共存の必須条件はまず敬愛であり、次は譲り合うのではなく、己が譲ることだとフランスの哲学者が言っていた。

 この言葉は読む度にページをめくる手を止めじっと見つめる言葉だ。それなのに、いつも忘れて、また再読する時に改めて深く感動する。今日も電車の中で視線がその言葉に釘付けになり、潤んだ目を何度も瞬きさせた。よくよく考えれば当たり前のような考えだが、日々に当てはめるとやはり重要なことだ。同じ本を読んでいてもこの言葉にこれほどまでに感動する人はもしかしたらいないのかもしれない。そうだとすれば、何故私がこの言葉に毎回引っかかるのか、それを考えることは大切かもしれないと考えていた。次のページへ進む気がしなくて、本を閉じてバッグにしまった。ちょうど私の乗っていた中央線新宿方面行きの電車は高円寺に到着したところで、窓からちょうど見えるジムのビルに宣伝のために置かれた手を広げた人形の不器用な表情を見つめながら、「たくさんの言葉を知っていることと、ひとつの言葉の美しさと重みを知ってることとは、比べられないしどちらも尊いな」と考えていた。伊集院が訪れた場所場所が出てくるせいか、一瞬私もこれからどこか遠くへ行っているかのような錯覚に陥ったが、私の体は自然と新宿で下車していた。

 1時間残業して退社。風は冷たいが、心なし空気に春を感じた。まだ2月にもなっていないのでただの天気の気まぐれなのだろうが、雪を恋しいと言いつつもやはり春を思うと心が爽やかになる。

 来月、無料で4回体験できるというオンラインの韓国語講座に登録した。レッスンを受けるのは初めてだし、韓国語をしっかりと発話するのも初めてなので緊張するが、恥ずかしがらずにどんどん練習していきたい。

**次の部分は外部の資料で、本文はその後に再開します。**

(* Let $v$ be any Borel measurable function from $[0,T]\times\mathbb{R}^d$ to $\mathbb{R}$ such that $$\int_0^T \mathbb{E}\Big[\Big|\inf_{\kappa\in U} H\big(t,X_t,\kappa,\partial_x v(t,X_t),\partial_{xx}^2 v(t,X_t)\big)\Big|\Big]\,\mathrm{d}t<\infty.$$ Assume the optimal feedback control exists under $v$, i.e. there is $u\in\mathcal{U}_{\mathrm{ad}}$ with $$H_t^{u,v}=\inf_{\kappa\in U} H\big(t,X_t,\kappa,\partial_x v(t,X_t),\partial_{xx}^2 v(t,X_t)\big)\quad (\ast)$$ for $(t,\omega)\in[0,T]\times\Omega$, a.e.-$\mathrm{d}t\times\mathbb{P}$. Then a control $u$ satisfying $(\ast)$ can be found from the minimization problem: find $u\in\mathcal{U}_{\mathrm{ad}}$ such that $$\int_0^T\mathbb{E}[H_t^{u,v}]\,\mathrm{d}t=\inf_{\bar u\in\mathcal{U}_{\mathrm{ad}}}\int_0^T\mathbb{E}[H_t^{\bar u,v}]\,\mathrm{d}t;$$ i.e. this minimization problem has a solution, and any solution satisfies $(\ast)$ a.e.-$\mathrm{d}t\times\mathbb{P}$.
   Context: Let $(\Omega,\mathcal{F},\mathbb{F}^B,\mathbb{P})$ be a filtered complete probability space with $\mathbb{F}^B=(\mathcal{F}_t)_{0\le t\le T}$ the natural filtration of a standard $q$-dimensional Brownian motion $B$, and $T\in(0,\infty)$. Let $U\subset\mathbb{R}^m$ and let $\mathcal{U}_{\mathrm{ad}}$ be the set of Borel measurable functions $u:[0,T]\times\mathbb{R}^d\to U$. Let $H:[0,T]\times\mathbb{R}^d\times U\times\mathbb{R}^d\times\mathbb{R}^{d\times d}\to\mathbb{R}$, $(t,x,\kappa,z,p)\mapsto H(t,x,\kappa,z,p)$, be the Hamiltonian of the HJB-type equation $\partial_t v+\mathcal{L}v+\inf_{\kappa\in U}H(t,x,\kappa,\partial_x v,\partial_{xx}^2 v)=0$, where $\mathcal{L}=\mu^\top(t,x)\partial_x+\frac12\operatorname{Tr}[\sigma\sigma^\top(t,x)\partial_{xx}^2]$ for given $\mu:[0,T]\times\mathbb{R}^d\to\mathbb{R}^d$, $\sigma:[0,T]\times\mathbb{R}^d\to\mathbb{R}^{d\times q}$. Let $X$ be the uncontrolled diffusion $X_t=X_0+\int_0^t\mu(s,X_s)\,\mathrm{d}s+\int_0^t\sigma(s,X_s)\,\mathrm{d}B_s$, $t\in[0,T]$. For $u\in\mathcal{U}_{\mathrm{ad}}$ and $v$, the Hamiltonian process is $H_t^{u,v}:=H\big(t,X_t,u(t,X_t),\partial_x v(t,X_t),\partial_{xx}^2 v(t,X_t)\big)$ (with $\partial_x$ the gradient and $\partial_{xx}^2$ the Hessian in $x$). *)

theory Defs
  imports "HOL-Probability.Probability"
begin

韓国語能力試験の教科書も今週買うつもりなので、本格始動だ。

 明日はパン屋のバイトが終わった後、親友と寿司を食べに行くことに。今日ひとつはっきりと決めたことがあるので、それを報告したいと思っていたのだ。徒歩5分に住んでいるのに毎週会わないと寂しい親友。明日も幸せな1日が待っている。